Within the listing below, please show every line carrying the string "bool".

● **MATERIAL SHOWN**
- Opening Delimiter -

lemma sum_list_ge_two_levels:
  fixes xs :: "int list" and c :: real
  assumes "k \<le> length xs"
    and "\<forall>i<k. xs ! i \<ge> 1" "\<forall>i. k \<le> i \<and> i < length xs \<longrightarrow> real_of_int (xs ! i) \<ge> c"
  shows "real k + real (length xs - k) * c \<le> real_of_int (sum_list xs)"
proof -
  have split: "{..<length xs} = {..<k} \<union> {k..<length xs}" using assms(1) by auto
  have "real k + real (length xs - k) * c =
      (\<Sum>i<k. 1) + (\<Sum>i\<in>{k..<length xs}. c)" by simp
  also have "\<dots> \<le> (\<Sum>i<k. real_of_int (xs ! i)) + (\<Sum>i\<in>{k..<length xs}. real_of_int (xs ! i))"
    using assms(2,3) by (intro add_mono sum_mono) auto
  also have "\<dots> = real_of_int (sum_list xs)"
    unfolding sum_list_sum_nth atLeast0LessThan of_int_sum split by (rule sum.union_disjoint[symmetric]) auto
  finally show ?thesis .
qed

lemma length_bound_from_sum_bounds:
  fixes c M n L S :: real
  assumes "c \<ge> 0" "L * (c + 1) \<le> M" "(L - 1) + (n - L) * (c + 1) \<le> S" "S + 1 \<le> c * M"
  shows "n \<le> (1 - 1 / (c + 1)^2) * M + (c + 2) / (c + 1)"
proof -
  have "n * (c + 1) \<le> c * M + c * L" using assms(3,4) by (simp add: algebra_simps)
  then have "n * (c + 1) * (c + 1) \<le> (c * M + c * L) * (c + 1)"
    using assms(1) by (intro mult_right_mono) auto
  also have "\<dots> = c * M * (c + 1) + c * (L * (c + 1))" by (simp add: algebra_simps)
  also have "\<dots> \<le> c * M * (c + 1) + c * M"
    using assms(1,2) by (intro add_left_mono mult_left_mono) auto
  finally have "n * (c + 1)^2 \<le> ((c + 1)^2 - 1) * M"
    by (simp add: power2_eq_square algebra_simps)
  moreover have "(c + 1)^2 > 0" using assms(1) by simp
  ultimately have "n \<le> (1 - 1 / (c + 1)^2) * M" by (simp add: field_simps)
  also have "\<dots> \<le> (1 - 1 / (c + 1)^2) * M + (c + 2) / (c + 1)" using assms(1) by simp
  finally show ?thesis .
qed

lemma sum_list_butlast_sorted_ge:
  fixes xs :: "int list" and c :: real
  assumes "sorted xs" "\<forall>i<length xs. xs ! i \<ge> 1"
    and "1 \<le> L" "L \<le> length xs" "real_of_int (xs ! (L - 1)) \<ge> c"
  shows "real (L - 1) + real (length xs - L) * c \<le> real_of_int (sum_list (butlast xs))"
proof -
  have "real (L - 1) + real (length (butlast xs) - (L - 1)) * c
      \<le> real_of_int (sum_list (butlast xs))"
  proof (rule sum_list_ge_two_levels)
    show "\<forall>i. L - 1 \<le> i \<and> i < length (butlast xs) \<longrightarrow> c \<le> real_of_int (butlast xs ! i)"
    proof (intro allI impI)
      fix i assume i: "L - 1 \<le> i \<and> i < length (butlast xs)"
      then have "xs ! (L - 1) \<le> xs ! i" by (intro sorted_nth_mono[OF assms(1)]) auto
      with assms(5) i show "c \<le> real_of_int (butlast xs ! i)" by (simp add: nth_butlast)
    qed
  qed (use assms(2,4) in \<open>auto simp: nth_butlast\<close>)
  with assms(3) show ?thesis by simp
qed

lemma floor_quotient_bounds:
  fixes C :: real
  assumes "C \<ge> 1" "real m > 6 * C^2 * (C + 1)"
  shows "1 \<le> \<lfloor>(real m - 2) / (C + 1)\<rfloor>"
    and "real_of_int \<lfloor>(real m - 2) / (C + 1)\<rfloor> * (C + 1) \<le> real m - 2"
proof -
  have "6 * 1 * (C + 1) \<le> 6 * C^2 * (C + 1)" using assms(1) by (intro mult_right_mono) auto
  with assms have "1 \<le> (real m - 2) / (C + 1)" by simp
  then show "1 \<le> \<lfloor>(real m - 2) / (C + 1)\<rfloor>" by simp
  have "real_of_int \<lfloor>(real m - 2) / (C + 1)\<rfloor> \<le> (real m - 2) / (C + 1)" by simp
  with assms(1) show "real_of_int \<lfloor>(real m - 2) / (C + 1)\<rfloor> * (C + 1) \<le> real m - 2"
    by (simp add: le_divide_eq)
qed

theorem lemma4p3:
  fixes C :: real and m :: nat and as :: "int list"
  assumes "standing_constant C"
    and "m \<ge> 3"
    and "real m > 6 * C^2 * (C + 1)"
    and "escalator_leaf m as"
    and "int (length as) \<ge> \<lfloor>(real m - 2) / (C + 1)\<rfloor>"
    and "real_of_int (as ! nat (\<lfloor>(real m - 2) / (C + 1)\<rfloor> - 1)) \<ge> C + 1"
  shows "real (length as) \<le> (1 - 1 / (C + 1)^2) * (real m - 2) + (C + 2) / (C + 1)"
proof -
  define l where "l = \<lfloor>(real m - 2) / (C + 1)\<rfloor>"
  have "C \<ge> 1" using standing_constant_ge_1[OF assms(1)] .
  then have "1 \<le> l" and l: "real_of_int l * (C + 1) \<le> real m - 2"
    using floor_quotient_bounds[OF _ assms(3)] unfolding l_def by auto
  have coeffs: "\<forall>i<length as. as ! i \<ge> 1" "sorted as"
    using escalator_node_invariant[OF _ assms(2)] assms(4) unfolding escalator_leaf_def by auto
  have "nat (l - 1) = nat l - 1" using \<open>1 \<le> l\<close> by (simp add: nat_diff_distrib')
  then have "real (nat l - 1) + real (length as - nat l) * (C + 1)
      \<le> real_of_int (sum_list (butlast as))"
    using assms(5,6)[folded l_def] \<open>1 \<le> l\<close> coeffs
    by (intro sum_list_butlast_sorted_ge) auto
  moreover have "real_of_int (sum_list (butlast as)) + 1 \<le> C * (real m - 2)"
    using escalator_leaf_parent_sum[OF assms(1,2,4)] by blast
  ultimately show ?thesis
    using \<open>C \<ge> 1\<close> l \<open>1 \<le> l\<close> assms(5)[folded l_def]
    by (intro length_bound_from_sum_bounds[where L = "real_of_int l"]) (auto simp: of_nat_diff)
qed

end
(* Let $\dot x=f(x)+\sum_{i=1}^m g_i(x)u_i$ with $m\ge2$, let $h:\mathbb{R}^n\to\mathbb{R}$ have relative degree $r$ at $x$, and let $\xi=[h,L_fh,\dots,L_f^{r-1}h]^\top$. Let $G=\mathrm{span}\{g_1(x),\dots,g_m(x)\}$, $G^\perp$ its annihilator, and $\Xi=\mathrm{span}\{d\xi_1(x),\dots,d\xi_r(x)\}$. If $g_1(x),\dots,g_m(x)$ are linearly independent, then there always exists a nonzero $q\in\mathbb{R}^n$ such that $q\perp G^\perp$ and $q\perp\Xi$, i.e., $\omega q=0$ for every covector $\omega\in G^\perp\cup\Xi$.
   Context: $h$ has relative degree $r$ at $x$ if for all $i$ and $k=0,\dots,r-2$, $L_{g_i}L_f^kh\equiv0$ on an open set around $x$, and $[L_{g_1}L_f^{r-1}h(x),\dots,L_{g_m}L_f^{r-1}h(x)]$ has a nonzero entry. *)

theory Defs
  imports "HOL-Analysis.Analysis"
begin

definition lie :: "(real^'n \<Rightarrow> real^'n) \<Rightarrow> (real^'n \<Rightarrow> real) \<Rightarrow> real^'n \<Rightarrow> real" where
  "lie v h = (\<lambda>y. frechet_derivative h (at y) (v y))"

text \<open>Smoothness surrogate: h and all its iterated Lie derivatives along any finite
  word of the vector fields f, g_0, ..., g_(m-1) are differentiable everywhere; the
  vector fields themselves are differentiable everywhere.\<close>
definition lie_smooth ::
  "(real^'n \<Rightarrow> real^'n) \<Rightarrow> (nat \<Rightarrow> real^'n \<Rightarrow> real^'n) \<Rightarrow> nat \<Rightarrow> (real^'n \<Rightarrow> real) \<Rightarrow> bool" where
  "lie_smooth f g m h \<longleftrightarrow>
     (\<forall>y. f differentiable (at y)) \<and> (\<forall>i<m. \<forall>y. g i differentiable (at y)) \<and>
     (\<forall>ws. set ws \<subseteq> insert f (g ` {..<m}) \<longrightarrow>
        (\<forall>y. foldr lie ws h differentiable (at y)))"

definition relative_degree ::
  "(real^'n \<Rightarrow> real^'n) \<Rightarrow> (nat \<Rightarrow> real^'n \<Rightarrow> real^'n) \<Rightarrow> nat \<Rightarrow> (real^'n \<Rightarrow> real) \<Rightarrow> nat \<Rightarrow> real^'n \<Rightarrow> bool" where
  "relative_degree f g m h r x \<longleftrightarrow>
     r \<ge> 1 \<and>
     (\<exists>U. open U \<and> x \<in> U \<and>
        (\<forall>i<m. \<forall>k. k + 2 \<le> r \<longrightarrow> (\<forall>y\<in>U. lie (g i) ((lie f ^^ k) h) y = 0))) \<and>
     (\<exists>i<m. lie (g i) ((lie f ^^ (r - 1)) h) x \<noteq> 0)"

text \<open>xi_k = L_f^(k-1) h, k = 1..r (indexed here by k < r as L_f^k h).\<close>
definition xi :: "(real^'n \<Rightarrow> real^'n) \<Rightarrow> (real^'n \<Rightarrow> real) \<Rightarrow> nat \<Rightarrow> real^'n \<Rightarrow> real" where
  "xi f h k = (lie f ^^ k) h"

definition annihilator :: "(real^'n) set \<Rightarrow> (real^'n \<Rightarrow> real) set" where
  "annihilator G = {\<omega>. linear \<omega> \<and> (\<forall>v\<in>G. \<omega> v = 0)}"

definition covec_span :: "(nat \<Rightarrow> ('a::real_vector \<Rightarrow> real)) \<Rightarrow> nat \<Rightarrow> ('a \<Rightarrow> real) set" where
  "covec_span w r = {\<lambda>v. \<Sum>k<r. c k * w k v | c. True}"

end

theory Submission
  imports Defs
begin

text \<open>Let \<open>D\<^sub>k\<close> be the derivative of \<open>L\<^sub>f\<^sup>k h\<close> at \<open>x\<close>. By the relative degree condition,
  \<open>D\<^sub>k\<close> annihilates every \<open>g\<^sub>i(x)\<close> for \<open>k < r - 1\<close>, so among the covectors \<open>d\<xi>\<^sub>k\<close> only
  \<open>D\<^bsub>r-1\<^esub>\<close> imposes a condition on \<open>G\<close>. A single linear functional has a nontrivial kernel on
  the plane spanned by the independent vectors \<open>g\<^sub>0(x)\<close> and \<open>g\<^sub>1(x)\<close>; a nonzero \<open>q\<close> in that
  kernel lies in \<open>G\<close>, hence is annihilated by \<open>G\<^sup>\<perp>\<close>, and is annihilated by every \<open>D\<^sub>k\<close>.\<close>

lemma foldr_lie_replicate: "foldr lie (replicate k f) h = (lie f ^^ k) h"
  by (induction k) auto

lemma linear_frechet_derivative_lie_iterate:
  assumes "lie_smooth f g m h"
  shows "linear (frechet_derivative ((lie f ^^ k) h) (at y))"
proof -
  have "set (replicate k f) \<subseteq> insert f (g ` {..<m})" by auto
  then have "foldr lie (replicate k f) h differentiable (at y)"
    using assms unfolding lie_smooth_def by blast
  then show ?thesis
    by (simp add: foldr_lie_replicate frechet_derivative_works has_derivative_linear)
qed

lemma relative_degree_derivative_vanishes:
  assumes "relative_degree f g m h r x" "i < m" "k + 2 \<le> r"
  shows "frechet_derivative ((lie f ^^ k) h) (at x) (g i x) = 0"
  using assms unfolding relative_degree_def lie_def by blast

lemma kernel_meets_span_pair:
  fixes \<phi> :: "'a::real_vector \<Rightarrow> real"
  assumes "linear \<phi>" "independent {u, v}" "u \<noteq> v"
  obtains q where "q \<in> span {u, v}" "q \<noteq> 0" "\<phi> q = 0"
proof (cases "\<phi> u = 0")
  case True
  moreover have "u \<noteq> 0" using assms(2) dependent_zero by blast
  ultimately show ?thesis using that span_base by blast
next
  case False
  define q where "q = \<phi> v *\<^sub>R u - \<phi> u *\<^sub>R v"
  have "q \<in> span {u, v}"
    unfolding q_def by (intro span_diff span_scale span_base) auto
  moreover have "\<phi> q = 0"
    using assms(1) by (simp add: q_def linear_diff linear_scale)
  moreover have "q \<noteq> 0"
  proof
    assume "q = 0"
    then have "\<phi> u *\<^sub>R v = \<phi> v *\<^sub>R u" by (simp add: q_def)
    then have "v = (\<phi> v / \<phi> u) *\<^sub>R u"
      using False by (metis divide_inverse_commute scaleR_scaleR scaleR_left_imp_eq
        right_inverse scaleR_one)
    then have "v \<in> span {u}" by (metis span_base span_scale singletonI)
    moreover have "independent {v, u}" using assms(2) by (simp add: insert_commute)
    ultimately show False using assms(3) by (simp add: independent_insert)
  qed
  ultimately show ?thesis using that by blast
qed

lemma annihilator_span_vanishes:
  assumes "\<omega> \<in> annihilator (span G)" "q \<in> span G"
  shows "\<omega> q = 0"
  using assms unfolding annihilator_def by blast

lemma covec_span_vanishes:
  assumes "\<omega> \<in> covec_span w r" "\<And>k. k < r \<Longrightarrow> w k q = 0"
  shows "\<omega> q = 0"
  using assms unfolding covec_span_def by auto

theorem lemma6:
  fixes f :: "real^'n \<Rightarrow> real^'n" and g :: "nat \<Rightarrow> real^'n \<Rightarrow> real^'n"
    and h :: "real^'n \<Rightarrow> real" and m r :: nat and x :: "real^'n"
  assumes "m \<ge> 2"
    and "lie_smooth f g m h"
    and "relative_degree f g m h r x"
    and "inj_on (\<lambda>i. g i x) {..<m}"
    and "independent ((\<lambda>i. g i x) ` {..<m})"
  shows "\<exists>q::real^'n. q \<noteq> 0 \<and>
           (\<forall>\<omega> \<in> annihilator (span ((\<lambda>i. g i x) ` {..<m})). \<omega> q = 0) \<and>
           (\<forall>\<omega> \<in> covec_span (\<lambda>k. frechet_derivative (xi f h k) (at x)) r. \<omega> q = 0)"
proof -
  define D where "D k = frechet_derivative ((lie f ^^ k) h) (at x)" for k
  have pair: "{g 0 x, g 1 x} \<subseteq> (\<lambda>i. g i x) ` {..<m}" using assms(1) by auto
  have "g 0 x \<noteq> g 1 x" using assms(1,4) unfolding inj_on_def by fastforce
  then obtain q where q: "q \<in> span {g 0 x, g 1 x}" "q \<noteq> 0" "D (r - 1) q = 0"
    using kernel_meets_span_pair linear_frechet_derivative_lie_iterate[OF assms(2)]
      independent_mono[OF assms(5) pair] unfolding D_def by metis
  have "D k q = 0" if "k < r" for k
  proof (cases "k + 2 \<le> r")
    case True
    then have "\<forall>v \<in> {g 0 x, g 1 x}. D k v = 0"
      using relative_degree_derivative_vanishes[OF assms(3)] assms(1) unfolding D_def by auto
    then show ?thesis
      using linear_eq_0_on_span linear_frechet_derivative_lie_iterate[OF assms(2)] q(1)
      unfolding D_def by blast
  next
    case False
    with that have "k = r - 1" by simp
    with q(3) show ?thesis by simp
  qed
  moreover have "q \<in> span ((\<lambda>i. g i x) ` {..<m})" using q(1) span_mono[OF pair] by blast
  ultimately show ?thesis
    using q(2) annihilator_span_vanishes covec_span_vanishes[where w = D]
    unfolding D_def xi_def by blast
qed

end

- Closing Delimiter -

● **REPLY TO THE TASK**
  "(real^'n \<Rightarrow> real^'n) \<Rightarrow> (nat \<Rightarrow> real^'n \<Rightarrow> real^'n) \<Rightarrow> nat \<Rightarrow> (real^'n \<Rightarrow> real) \<Rightarrow> bool" where
  "(real^'n \<Rightarrow> real^'n) \<Rightarrow> (nat \<Rightarrow> real^'n \<Rightarrow> real^'n) \<Rightarrow> nat \<Rightarrow> (real^'n \<Rightarrow> real) \<Rightarrow> nat \<Rightarrow> real^'n \<Rightarrow> bool" where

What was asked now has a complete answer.